Seduced, Chaim thought, by soup. He supposed he could have been, too, but for his caution.
“Ten uneventful days,” Chaim whispered under his breath so that only Gittel could hear. What he meant by uneventful was that their stomachs were no longer stretched as tight as a toy drum, and no one had died within their sight.
He whispered and could hardly hear himself, and still she shushed him.
In fact, he’d kept his small store of words tucked firmly under his tongue for those ten days. Even when pressed by one of the soldiers to talk, cajoling him in broken Polish. Even then.
The soldiers themselves talked. Endlessly. According to Sophie, who understood German—though they spoke in a dialect slightly different from the one she knew—the men talked about hot showers, local women, actual beds. About the lack of fresh fruit, the trashed cities, how late their pay was in coming. How no mail seemed to be getting through from their wives and girlfriends.
Sophie reported that when they talked about politics, all they complained about were the Jews. She was careful, though, not to let on that she could understand them.
Unlike his sister, Bruno chattered away with the soldiers as if they were old friends, and he was soon using some of their own dialect words. In return, they gave him extra food and told him stories.
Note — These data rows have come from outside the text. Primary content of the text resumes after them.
lemma k_robust_merge_map_image:
  assumes S: "S \<subseteq> V"
  shows "k_robust (merged_adj V Cs) k (\<pi> ` S) \<longleftrightarrow> k_robust (clique_adj Cs) k S"
proof -
  have finite_S: "finite S" using S finite_V by (rule finite_subset)
  have "(\<forall>R'. R' \<subseteq> \<pi> ` S \<and> card R' \<le> k \<longrightarrow> connected_on (merged_adj V Cs) (\<pi> ` S - R'))
    \<longleftrightarrow> (\<forall>R. R \<subseteq> S \<and> card R \<le> k \<longrightarrow> connected_on (clique_adj Cs) (S - R))"
  proof (intro iffI allI impI)
    fix R assume H: "\<forall>R'. R' \<subseteq> \<pi> ` S \<and> card R' \<le> k \<longrightarrow> connected_on (merged_adj V Cs) (\<pi> ` S - R')"
      and R: "R \<subseteq> S \<and> card R \<le> k"
    let ?R' = "\<pi> ` R - \<pi> ` (S - R)"
    have finite_R: "finite R" using finite_S R finite_subset by blast
    have "card ?R' \<le> card (\<pi> ` R)" using finite_R by (simp add: card_mono)
    also have "\<dots> \<le> card R" using finite_R by (rule card_image_le)
    finally have "card ?R' \<le> k" using R by simp
    moreover have "?R' \<subseteq> \<pi> ` S" using R by auto
    ultimately have "connected_on (merged_adj V Cs) (\<pi> ` S - ?R')" using H by blast
    moreover have "\<pi> ` S - ?R' = \<pi> ` (S - R)" by auto
    ultimately show "connected_on (clique_adj Cs) (S - R)"
      using connected_on_merge_map_image S by (metis Diff_subset order_trans)
  next
    fix R' assume H: "\<forall>R. R \<subseteq> S \<and> card R \<le> k \<longrightarrow> connected_on (clique_adj Cs) (S - R)"
      and R': "R' \<subseteq> \<pi> ` S \<and> card R' \<le> k"
    obtain R where R: "R \<subseteq> S" "inj_on \<pi> R" "R' = \<pi> ` R"
      using R' subset_image_inj by metis
    moreover have "card R \<le> k" using R' R(3) card_image[OF R(2)] by simp
    ultimately have "connected_on (clique_adj Cs) (S - R)" using H by blast
    then show "connected_on (merged_adj V Cs) (\<pi> ` S - R')"
      using connected_on_image_Diff_image S R by blast
  qed
  with is_clique_merge_map_image[OF S] show ?thesis
    unfolding k_robust_def by simp
qed

lemma max_robust_partitioning_twins_same_part:
  assumes P: "max_robust_partitioning (clique_adj Cs) V k P"
    and "p \<in> P" "a \<in> p" "b \<in> V" "\<pi> a = \<pi> b"
  shows "b \<in> p"
proof (rule ccontr)
  assume "b \<notin> p"
  have cover: "\<Union>P = V" and robust: "\<And>p. p \<in> P \<Longrightarrow> k_robust (clique_adj Cs) k p"
    and maximal: "\<And>Q. Q \<subseteq> P \<Longrightarrow> 2 \<le> card Q \<Longrightarrow> \<not> k_robust (clique_adj Cs) k (\<Union>Q)"
    using P unfolding max_robust_partitioning_def by auto
  obtain q where "q \<in> P" "b \<in> q" using cover \<open>b \<in> V\<close> by blast
  have "p \<union> q \<subseteq> V" using cover \<open>p \<in> P\<close> \<open>q \<in> P\<close> by blast
  moreover have "a \<noteq> b" using \<open>a \<in> p\<close> \<open>b \<notin> p\<close> by blast
  ultimately obtain C where "containing Cs a = {C}" "containing Cs b = {C}"
    using merge_map_eq_twins \<open>a \<in> p\<close> \<open>b \<in> V\<close> \<open>\<pi> a = \<pi> b\<close> by (metis Un_subset_iff subsetD)
  moreover have "finite (p \<union> q)" using \<open>p \<union> q \<subseteq> V\<close> finite_V by (rule finite_subset)
  ultimately have "k_robust (clique_adj Cs) k (\<Union>{p, q})"
    using k_robust_Un_twins[OF robust robust] \<open>p \<in> P\<close> \<open>q \<in> P\<close> \<open>a \<in> p\<close> \<open>b \<in> q\<close> by simp
  moreover have "p \<noteq> q" using \<open>b \<in> q\<close> \<open>b \<notin> p\<close> by blast
  ultimately show False
    using maximal[of "{p, q}"] \<open>p \<in> P\<close> \<open>q \<in> P\<close> by simp
qed

lemma max_robust_partitioning_represented_image:
  assumes P: "max_robust_partitioning (clique_adj Cs) V k P" and "p \<in> P"
  shows "represented (\<pi> ` p) = p"
proof
  show "represented (\<pi> ` p) \<subseteq> p"
    using max_robust_partitioning_twins_same_part[OF P \<open>p \<in> P\<close>]
    unfolding represented_def by auto
  show "p \<subseteq> represented (\<pi> ` p)"
    using P \<open>p \<in> P\<close> unfolding max_robust_partitioning_def represented_def by auto
qed

lemma image_represented: "X \<subseteq> \<pi> ` V \<Longrightarrow> \<pi> ` represented X = X"
  unfolding represented_def by auto

lemma inj_on_represented: "inj_on represented (Pow (\<pi> ` V))"
  by (rule inj_on_inverseI[where g = "image \<pi>"]) (simp add: image_represented)

lemma Union_represented: "\<Union> (represented ` Q) = represented (\<Union>Q)"
  unfolding represented_def by auto

lemma Int_represented: "represented X \<inter> represented Y = represented (X \<inter> Y)"
  unfolding represented_def by auto

lemma represented_subset: "represented X \<subseteq> V"
  unfolding represented_def by blast

lemma represented_eq_empty_iff:
  assumes "X \<subseteq> \<pi> ` V"
  shows "represented X = {} \<longleftrightarrow> X = {}"
proof
  assume "represented X = {}"
  then show "X = {}" using image_represented[OF assms] by simp
qed (simp add: represented_def)

lemma represented_eq_V_iff:
  assumes "X \<subseteq> \<pi> ` V"
  shows "represented X = V \<longleftrightarrow> X = \<pi> ` V"
proof
  assume "represented X = V"
  then show "X = \<pi> ` V" using image_represented[OF assms] by simp
qed (auto simp: represented_def)

lemma k_robust_represented_iff:
  assumes "X \<subseteq> \<pi> ` V"
  shows "k_robust (clique_adj Cs) k (represented X) \<longleftrightarrow> k_robust (merged_adj V Cs) k X"
  using k_robust_merge_map_image[OF represented_subset[of X], of k] image_represented[OF assms]
  by metis

lemma card_represented_image: "Q \<subseteq> Pow (\<pi> ` V) \<Longrightarrow> card (represented ` Q) = card Q"
  by (rule card_image[OF inj_on_subset[OF inj_on_represented]])

lemma k_robust_Union_represented_iff:
  assumes "Q \<subseteq> Pow (\<pi> ` V)"
  shows "k_robust (clique_adj Cs) k (\<Union> (represented ` Q)) \<longleftrightarrow> k_robust (merged_adj V Cs) k (\<Union>Q)"
  unfolding Union_represented using assms by (intro k_robust_represented_iff) blast

lemma max_robust_partitioning_represented_iff:
  assumes P': "P' \<subseteq> Pow (\<pi> ` V)"
  shows "max_robust_partitioning (clique_adj Cs) V k (represented ` P')
    \<longleftrightarrow> max_robust_partitioning (merged_adj V Cs) (\<pi> ` V) k P'"
proof -
  have parts: "X \<subseteq> \<pi> ` V" if "X \<in> P'" for X using P' that by blast
  have card: "card (represented ` Q) = card Q"
    and robust_Union: "k_robust (clique_adj Cs) k (\<Union> (represented ` Q)) \<longleftrightarrow> k_robust (merged_adj V Cs) k (\<Union>Q)"
    if "Q \<subseteq> P'" for Q
    using card_represented_image k_robust_Union_represented_iff order_trans[OF that P'] by blast+
  have "\<Union> (represented ` P') = V \<longleftrightarrow> \<Union>P' = \<pi> ` V"
  proof -
    have "\<Union>P' \<subseteq> \<pi> ` V" using parts by blast
    then show ?thesis unfolding Union_represented by (rule represented_eq_V_iff)
  qed
  moreover have "(\<forall>p\<in>represented ` P'. p \<noteq> {}) \<longleftrightarrow> (\<forall>X\<in>P'. X \<noteq> {})"
    by (simp add: represented_eq_empty_iff parts)
  moreover have "(\<forall>p\<in>represented ` P'. \<forall>q\<in>represented ` P'. p \<noteq> q \<longrightarrow> p \<inter> q = {})
      \<longleftrightarrow> (\<forall>X\<in>P'. \<forall>Y\<in>P'. X \<noteq> Y \<longrightarrow> X \<inter> Y = {})"
  proof -
    have "represented X = represented Y \<longleftrightarrow> X = Y" if "X \<in> P'" "Y \<in> P'" for X Y
      by (rule inj_on_eq_iff[OF inj_on_represented]) (use P' that in auto)
    moreover have "represented X \<inter> represented Y = {} \<longleftrightarrow> X \<inter> Y = {}" if "X \<in> P'" for X Y
    proof -
      have "X \<inter> Y \<subseteq> \<pi> ` V" using parts[OF that] by blast
      then show ?thesis unfolding Int_represented by (rule represented_eq_empty_iff)
    qed
    ultimately show ?thesis by (simp only: ball_simps) metis
  qed
  moreover have "(\<forall>p\<in>represented ` P'. k_robust (clique_adj Cs) k p) \<longleftrightarrow> (\<forall>X\<in>P'. k_robust (merged_adj V Cs) k X)"
    by (simp add: k_robust_represented_iff parts)
  moreover have "(\<forall>Q. Q \<subseteq> represented ` P' \<and> 2 \<le> card Q \<longrightarrow> \<not> k_robust (clique_adj Cs) k (\<Union>Q))
      \<longleftrightarrow> (\<forall>Q'. Q' \<subseteq> P' \<and> 2 \<le> card Q' \<longrightarrow> \<not> k_robust (merged_adj V Cs) k (\<Union>Q'))"
  proof (intro iffI allI impI)
    fix Q' assume "\<forall>Q. Q \<subseteq> represented ` P' \<and> 2 \<le> card Q \<longrightarrow> \<not> k_robust (clique_adj Cs) k (\<Union>Q)"
      and "Q' \<subseteq> P' \<and> 2 \<le> card Q'"
    then show "\<not> k_robust (merged_adj V Cs) k (\<Union>Q')"
      using card robust_Union by (metis image_mono)
  next
    fix Q assume H: "\<forall>Q'. Q' \<subseteq> P' \<and> 2 \<le> card Q' \<longrightarrow> \<not> k_robust (merged_adj V Cs) k (\<Union>Q')"
      and "Q \<subseteq> represented ` P' \<and> 2 \<le> card Q"
    then obtain Q' where "Q' \<subseteq> P'" "Q = represented ` Q'" "2 \<le> card Q"
      by (auto simp: subset_image_iff)
    then show "\<not> k_robust (clique_adj Cs) k (\<Union>Q)"
      using H card robust_Union by metis
  qed
  ultimately show ?thesis unfolding max_robust_partitioning_def by presburger
qed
Lucky he doesn’t have any real information to give them, Chaim thought, and signed some of that to Gittel, who shared it with Sophie when Bruno was listening to tales the soldiers told by the fire.
“Doesn’t mean he won’t make such information up,” Sophie said bitterly, and Gittel comforted her by patting her hand.
* * *
• • •
The soldiers themselves made much more noise than the partisans and seemed unworrie
d about being followed during the long days of walking. It was as if they knew this was friendly territory. But they still set guards each night and sent scouts forward during the day. Caution—it seemed—was a rule nobody dared to break.
They never introduced themselves, as if their very presence was all that was necessary.
And perhaps it is, Chaim thought. Still, he managed to catch a few names when they greeted one another after scouting—the big man who seemed to run things was Mockler. The one who cooked the soup, a smaller man with a wandering left eye, Klaus. A pair of scouts who appeared to be brothers, or at least cousins, because they looked quite alike and spent most of their time together, were called Akady and Amadeusz. But whether those were their first names, last names, or nicknames, Chaim never found out. The others were a mystery. Even Sophie could gather little else about them.
And Bruno was no help at all.
* * *
• • •
As the group came down a small hillside on the final evening, into what had obviously once been a meadow, Mockler held up a hand and sent Akady and Amadeusz ahead to check on things.
Knowing this was a linchpin moment, when lives swung in the balance, Chaim muttered the Shema under his breath, relieved he could remember it now. It was odd that he could speak more than five words without stuttering when it was a prayer, or reciting a poem. He’d never quite understood why, when speaking was ordinarily such a disaster.
He heard Gittel reciting the same prayer but had no idea if Sophie and Bruno even knew it.
Ahead, at the bottom of the hill, squatted a brooding presence, a hulk of low buildings, astonishingly quiet in the gathering dusk. All Chaim could see of the place were blocky shadows, which didn’t inspire confidence.
In fact, he thought, it gives me the shivers.
“Sobanek,” one of the men beside him said, pointing unnecessarily at the camp. Unnecessary because there was nothing else that could possibly carry a name in that darkening bowl.